Making a Mixed Class Work

Because the group had limited ability to sit in groups for long times and to wait for lots of other students to take their turn, we divided the group in half.  This meant that we had half the number of students in full group activities, so there was less waiting time and more engagement.  It also allowed us to plan activities that would meet the different needs of the students more effectively.  We set up the morning meeting to alternate with a cooking or gardening activity.  Clearly to do this we had to have enough space to have 2 large tables or group areas, which we did in this class.

Middle school with 2 teachers in one room can be tough for a special education classroom....this schedule shows how we did it.

Centers

The students rotated through centers that included vocational (working on job-related tasks), direct instruction (DI) where they worked on explicit instruction of curriculum and IEP goals, typically using ABA, and structured work system (Independent work-IW) where they worked independently on mastered skills.  In the time after lunch we divided them into 2 groups. Half the class did classroom jobs like cleaning the tables, delivering mail in the building.

Leisure Skills

The other half of the group had choice time where they had to choose among age-appropriate leisure activities and engage with those activities.  Leisure skills are something many students struggle with, so it’s something we try to actively teach.  Having these activities be 2 groups doing something more enjoyable than “work,” while still keeping students actively engaged meant that we could free staff up to take lunches during this time as well.  Finally, they rotated through a set of leisure activities of games, books and art to work on communication, social skills and expanding leisure activities.

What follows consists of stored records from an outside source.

text \<open>Write P for the orthogonal projection onto \<open>N(K)\<^sup>\<bottom>\<close>. The minimum norm least squares
  solution of \<open>K x = K \<phi>\<^sub>j\<close> is \<open>p = P \<phi>\<^sub>j\<close>, and since \<open>p \<in> N(K)\<^sup>\<bottom>\<close> we have
  \<open>p \<bullet> \<phi>\<^sub>k = p \<bullet> P \<phi>\<^sub>k\<close>. As W is diagonal in the basis, the coefficients of \<open>W\<^sup>-\<^sup>1 p\<close> are
  \<open>c\<^sub>k = p \<bullet> P \<phi>\<^sub>k / \<parallel>P \<phi>\<^sub>k\<parallel>\<close>. Hence \<open>c\<^sub>j = \<parallel>p\<parallel>\<close>, while for \<open>i \<noteq> j\<close> Cauchy--Schwarz gives
  \<open>c\<^sub>i \<le> \<parallel>p\<parallel>\<close>, with equality only if \<open>P \<phi>\<^sub>i\<close> is a multiple of p; applying K, this would
  make \<open>K \<phi>\<^sub>i\<close> a multiple of \<open>K \<phi>\<^sub>j\<close>.\<close>

lemma subspace_nullspace: "linear K \<Longrightarrow> subspace (nullspace K)"
  unfolding nullspace_def by (rule linear_subspace_kernel)

lemma orthogonal_comp_inner_zero: "p \<in> orthogonal_comp S \<Longrightarrow> v \<in> S \<Longrightarrow> p \<bullet> v = 0"
  by (subst inner_commute) (auto simp: orthogonal_comp_def orthogonal_def)

lemma orth_proj_eqI:
  assumes "subspace T" and "z \<in> T" and "x - z \<in> orthogonal_comp T"
  shows "orth_proj T x = z"
  unfolding orth_proj_def
proof (rule the_equality)
  show "z \<in> T \<and> x - z \<in> orthogonal_comp T" using assms(2,3) ..
next
  fix p assume p: "p \<in> T \<and> x - p \<in> orthogonal_comp T"
  have "(x - p) - (x - z) \<in> orthogonal_comp T"
    by (rule subspace_diff[OF subspace_orthogonal_comp]) (use p assms(3) in auto)
  then have "z - p \<in> orthogonal_comp T" by simp
  moreover have "z - p \<in> T" using p assms(1,2) subspace_diff by blast
  ultimately have "z - p \<in> T \<inter> orthogonal_comp T" by blast
  then show "p = z" using orthogonal_Int_0[OF assms(1)] by simp
qed

lemma orth_proj_orthogonal_comp:
  fixes S :: "'a::euclidean_space set"
  assumes "subspace S"
  shows "orth_proj (orthogonal_comp S) x \<in> orthogonal_comp S"
    and "x - orth_proj (orthogonal_comp S) x \<in> S"
proof -
  have "x \<in> S + orthogonal_comp S" using subspace_sum_orthogonal_comp[OF assms] by simp
  then obtain s t where x: "x = s + t" and s: "s \<in> S" and t: "t \<in> orthogonal_comp S"
    by (rule set_plus_elim)
  have "orth_proj (orthogonal_comp S) x = t"
    using orth_proj_eqI[OF subspace_orthogonal_comp t] s x orthogonal_comp_self[OF assms] by simp
  then show "orth_proj (orthogonal_comp S) x \<in> orthogonal_comp S"
    and "x - orth_proj (orthogonal_comp S) x \<in> S"
    using s t x by simp_all
qed

lemma linear_orth_proj_nullspace:
  fixes K :: "'a::euclidean_space \<Rightarrow> 'b::real_vector"
  assumes "linear K"
  shows "K (orth_proj (orthogonal_comp (nullspace K)) x) = K x"
  using orth_proj_orthogonal_comp(2)[OF subspace_nullspace[OF assms], of x]
  by (simp add: nullspace_def linear_diff[OF assms])

lemma orth_proj_nullspace_eq_0_iff:
  fixes K :: "'a::euclidean_space \<Rightarrow> 'b::real_vector"
  assumes lin: "linear K"
  shows "orth_proj (orthogonal_comp (nullspace K)) x = 0 \<longleftrightarrow> K x = 0"
proof
  assume "orth_proj (orthogonal_comp (nullspace K)) x = 0"
  then show "K x = 0" using linear_orth_proj_nullspace[OF lin, of x] by (simp add: linear_0[OF lin])
next
  assume "K x = 0"
  then have "orth_proj (orthogonal_comp (nullspace K)) x \<in> nullspace K"
    using linear_orth_proj_nullspace[OF lin, of x] by (simp add: nullspace_def)
  with orth_proj_orthogonal_comp(1)[OF subspace_nullspace[OF lin]]
  show "orth_proj (orthogonal_comp (nullspace K)) x = 0"
    using orthogonal_Int_0[OF subspace_nullspace[OF lin]] by blast
qed

lemma inner_orth_proj_nullspace:
  fixes K :: "'a::euclidean_space \<Rightarrow> 'b::real_vector"
  assumes "linear K" and "p \<in> orthogonal_comp (nullspace K)"
  shows "p \<bullet> orth_proj (orthogonal_comp (nullspace K)) x = p \<bullet> x"
proof -
  have "x - orth_proj (orthogonal_comp (nullspace K)) x \<in> nullspace K"
    using orth_proj_orthogonal_comp(2)[OF subspace_nullspace[OF assms(1)]] .
  then have "p \<bullet> (x - orth_proj (orthogonal_comp (nullspace K)) x) = 0"
    by (rule orthogonal_comp_inner_zero[OF assms(2)])
  then show ?thesis by (simp add: inner_diff_right)
qed

lemma ls_solution_consistent_iff:
  "ls_solution K (K x) y \<longleftrightarrow> K y = K x"
  unfolding ls_solution_def
proof
  assume "\<forall>y'. norm (K y - K x) \<le> norm (K y' - K x)"
  then have "norm (K y - K x) \<le> norm (K x - K x)" by blast
  then show "K y = K x" by simp
qed simp

lemma mnls_solution_eq_orth_proj:
  fixes K :: "'a::euclidean_space \<Rightarrow> 'b::real_normed_vector"
  assumes lin: "linear K"
  shows "mnls_solution K (K x) = orth_proj (orthogonal_comp (nullspace K)) x"
proof -
  let ?p = "orth_proj (orthogonal_comp (nullspace K)) x"
  have pythagoras: "(norm y)\<^sup>2 = (norm ?p)\<^sup>2 + (norm (y - ?p))\<^sup>2" if "K y = K x" for y
  proof -
    have "y - ?p \<in> nullspace K"
      using that linear_orth_proj_nullspace[OF lin, of x] by (simp add: nullspace_def linear_diff[OF lin])
    with orth_proj_orthogonal_comp(1)[OF subspace_nullspace[OF lin]]
    have "orthogonal ?p (y - ?p)"
      unfolding orthogonal_def by (rule orthogonal_comp_inner_zero)
    from norm_add_Pythagorean[OF this] show ?thesis by simp
  qed
  have ls_p: "ls_solution K (K x) ?p"
    by (simp add: ls_solution_consistent_iff linear_orth_proj_nullspace[OF lin])
  show ?thesis
    unfolding mnls_solution_def
  proof (rule the_equality)
    show "ls_solution K (K x) ?p \<and> (\<forall>y. ls_solution K (K x) y \<longrightarrow> norm ?p \<le> norm y)"
    proof (intro conjI allI impI ls_p)
      fix y assume "ls_solution K (K x) y"
      then have "(norm ?p)\<^sup>2 \<le> (norm y)\<^sup>2" using pythagoras by (simp add: ls_solution_consistent_iff)
      then show "norm ?p \<le> norm y" by (simp add: power_mono_iff)
    qed
  next
    fix y assume y: "ls_solution K (K x) y \<and> (\<forall>y'. ls_solution K (K x) y' \<longrightarrow> norm y \<le> norm y')"
    then have "(norm y)\<^sup>2 \<le> (norm ?p)\<^sup>2" using ls_p by (simp add: power_mono)
    with y pythagoras have "norm (y - ?p) = 0" by (simp add: ls_solution_consistent_iff)
    then show "y = ?p" by simp
  qed
qed

lemma inner_sum_orthonormal:
  fixes \<phi> :: "nat \<Rightarrow> 'a::real_inner"
  assumes "\<forall>i\<in>{1..n}. \<forall>k\<in>{1..n}. \<phi> i \<bullet> \<phi> k = (if i = k then 1 else 0)" and "k \<in> {1..n}"
  shows "(\<Sum>i\<in>{1..n}. a i *\<^sub>R \<phi> i) \<bullet> \<phi> k = a k"
proof -
  have "(\<Sum>i\<in>{1..n}. a i *\<^sub>R \<phi> i) \<bullet> \<phi> k = (\<Sum>i\<in>{1..n}. if i = k then a i else 0)"
    unfolding inner_sum_left using assms by (intro sum.cong) auto
  also have "\<dots> = a k" using assms(2) by simp
  finally show ?thesis .
qed

lemma orthonormal_basis_expansion:
  fixes \<phi> :: "nat \<Rightarrow> 'a::real_inner"
  assumes orthonormal: "\<forall>i\<in>{1..n}. \<forall>k\<in>{1..n}. \<phi> i \<bullet> \<phi> k = (if i = k then 1 else 0)"
    and basis: "span (\<phi> ` {1..n}) = UNIV"
  shows "x = (\<Sum>i\<in>{1..n}. (x \<bullet> \<phi> i) *\<^sub>R \<phi> i)"
proof -
  let ?d = "x - (\<Sum>i\<in>{1..n}. (x \<bullet> \<phi> i) *\<^sub>R \<phi> i)"
  have "orthogonal ?d y" if "y \<in> \<phi> ` {1..n}" for y
    using that inner_sum_orthonormal[OF orthonormal] by (auto simp: orthogonal_def inner_diff_left)
  then have "orthogonal ?d ?d"
    by (rule orthogonal_to_span[rotated]) (use basis in auto)
  then show ?thesis by (metis orthogonal_self right_minus_eq)
qed

lemma inv_diagonal_operator:
  fixes \<phi> :: "nat \<Rightarrow> 'a::real_inner"
  assumes orthonormal: "\<forall>i\<in>{1..n}. \<forall>k\<in>{1..n}. \<phi> i \<bullet> \<phi> k = (if i = k then 1 else 0)"
    and basis: "span (\<phi> ` {1..n}) = UNIV"
    and nonzero: "\<forall>k\<in>{1..n}. d k \<noteq> 0"
  shows "inv (\<lambda>x. \<Sum>k\<in>{1..n}. (d k * (x \<bullet> \<phi> k)) *\<^sub>R \<phi> k) y
       = (\<Sum>k\<in>{1..n}. ((y \<bullet> \<phi> k) / d k) *\<^sub>R \<phi> k)"
proof (rule inv_f_eq)
  let ?D = "\<lambda>x. \<Sum>k\<in>{1..n}. (d k * (x \<bullet> \<phi> k)) *\<^sub>R \<phi> k"
  have coeff: "?D x \<bullet> \<phi> k = d k * (x \<bullet> \<phi> k)" if "k \<in> {1..n}" for x k
    using inner_sum_orthonormal[OF orthonormal that] .
  show "inj ?D"
  proof (rule injI)
    fix x x' assume "?D x = ?D x'"
    then have "x \<bullet> \<phi> k = x' \<bullet> \<phi> k" if "k \<in> {1..n}" for k
      using coeff[OF that, of x] coeff[OF that, of x'] nonzero that by simp
    then have "(\<Sum>k\<in>{1..n}. (x \<bullet> \<phi> k) *\<^sub>R \<phi> k) = (\<Sum>k\<in>{1..n}. (x' \<bullet> \<phi> k) *\<^sub>R \<phi> k)"
      by (intro sum.cong) auto
    then show "x = x'"
      by (metis orthonormal_basis_expansion[OF orthonormal basis])
  qed
  have "?D (\<Sum>k\<in>{1..n}. ((y \<bullet> \<phi> k) / d k) *\<^sub>R \<phi> k) = (\<Sum>k\<in>{1..n}. (y \<bullet> \<phi> k) *\<^sub>R \<phi> k)"
    using inner_sum_orthonormal[OF orthonormal] nonzero by (intro sum.cong) auto
  also have "\<dots> = y"
    by (rule orthonormal_basis_expansion[OF orthonormal basis, symmetric])
  finally show "?D (\<Sum>k\<in>{1..n}. ((y \<bullet> \<phi> k) / d k) *\<^sub>R \<phi> k) = y" .
qed

lemma inv_weight_op:
  fixes K :: "'a::euclidean_space \<Rightarrow> 'b::real_inner" and \<phi> :: "nat \<Rightarrow> 'a"
  assumes lin: "linear K"
    and orthonormal: "\<forall>i\<in>{1..n}. \<forall>k\<in>{1..n}. \<phi> i \<bullet> \<phi> k = (if i = k then 1 else 0)"
    and basis: "span (\<phi> ` {1..n}) = UNIV"
    and nonzero: "\<forall>k\<in>{1..n}. K (\<phi> k) \<noteq> 0"
  shows "inv (weight_op K \<phi> n) y
       = (\<Sum>k\<in>{1..n}. (y \<bullet> \<phi> k / norm (orth_proj (orthogonal_comp (nullspace K)) (\<phi> k))) *\<^sub>R \<phi> k)"
proof -
  have weight: "weight_op K \<phi> n
      = (\<lambda>x. \<Sum>k\<in>{1..n}. (norm (orth_proj (orthogonal_comp (nullspace K)) (\<phi> k)) * (x \<bullet> \<phi> k)) *\<^sub>R \<phi> k)"
    by (simp add: weight_op_def fun_eq_iff)
  have "\<forall>k\<in>{1..n}. norm (orth_proj (orthogonal_comp (nullspace K)) (\<phi> k)) \<noteq> 0"
    using nonzero orth_proj_nullspace_eq_0_iff[OF lin] by simp
  then show ?thesis unfolding weight by (rule inv_diagonal_operator[OF orthonormal basis])
qed

lemma nonparallel_imp_nonzero:
  fixes f :: "'i \<Rightarrow> 'a::real_vector"
  assumes "\<forall>i\<in>I. \<forall>k\<in>I. i \<noteq> k \<longrightarrow> (\<forall>a::real. f i \<noteq> a *\<^sub>R f k)"
    and "i \<in> I" and "j \<in> I" and "i \<noteq> j"
  shows "\<forall>k\<in>I. f k \<noteq> 0"
proof
  fix k assume k: "k \<in> I"
  obtain m where m: "m \<in> I" "k \<noteq> m" using assms(2-4) by metis
  show "f k \<noteq> 0" using assms(1)[rule_format, OF k m, of 0] by simp
qed

lemma inner_div_norm_less_norm:
  fixes u v :: "'a::real_inner"
  assumes "u \<noteq> 0" and "\<forall>a. v \<noteq> a *\<^sub>R u"
  shows "u \<bullet> v / norm v < norm u"
proof -
  have "v \<noteq> 0" using assms(2)[rule_format, of 0] by simp
  have "u \<bullet> v \<noteq> norm u * norm v"
  proof
    assume "u \<bullet> v = norm u * norm v"
    then have "norm u *\<^sub>R v = norm v *\<^sub>R u" by (simp add: norm_cauchy_schwarz_eq)
    then have "(1 / norm u) *\<^sub>R (norm u *\<^sub>R v) = (1 / norm u) *\<^sub>R (norm v *\<^sub>R u)" by simp
    then have "v = (1 / norm u) *\<^sub>R (norm v *\<^sub>R u)" using assms(1) by simp
    then show False using assms(2)[rule_format, of "norm v / norm u"] by simp
  qed
  then have "u \<bullet> v < norm u * norm v" using norm_cauchy_schwarz[of u v] by simp
  then show ?thesis using \<open>v \<noteq> 0\<close> by (simp add: divide_less_eq)
qed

They then had a snack where they came together and then dismissal.  There were a few kinks to work out when we ran the schedule the first few times, as there always are. However, overall this created a classroom focused on their goals throughout the day and helped the students stay engaged and maintain behavior during the day.

For more posts in this series, click here.

Have you run centers in your classrooms?  What centers do you usually use?

For more examples of schedules, check out our book on Setting up Classroom Spaces…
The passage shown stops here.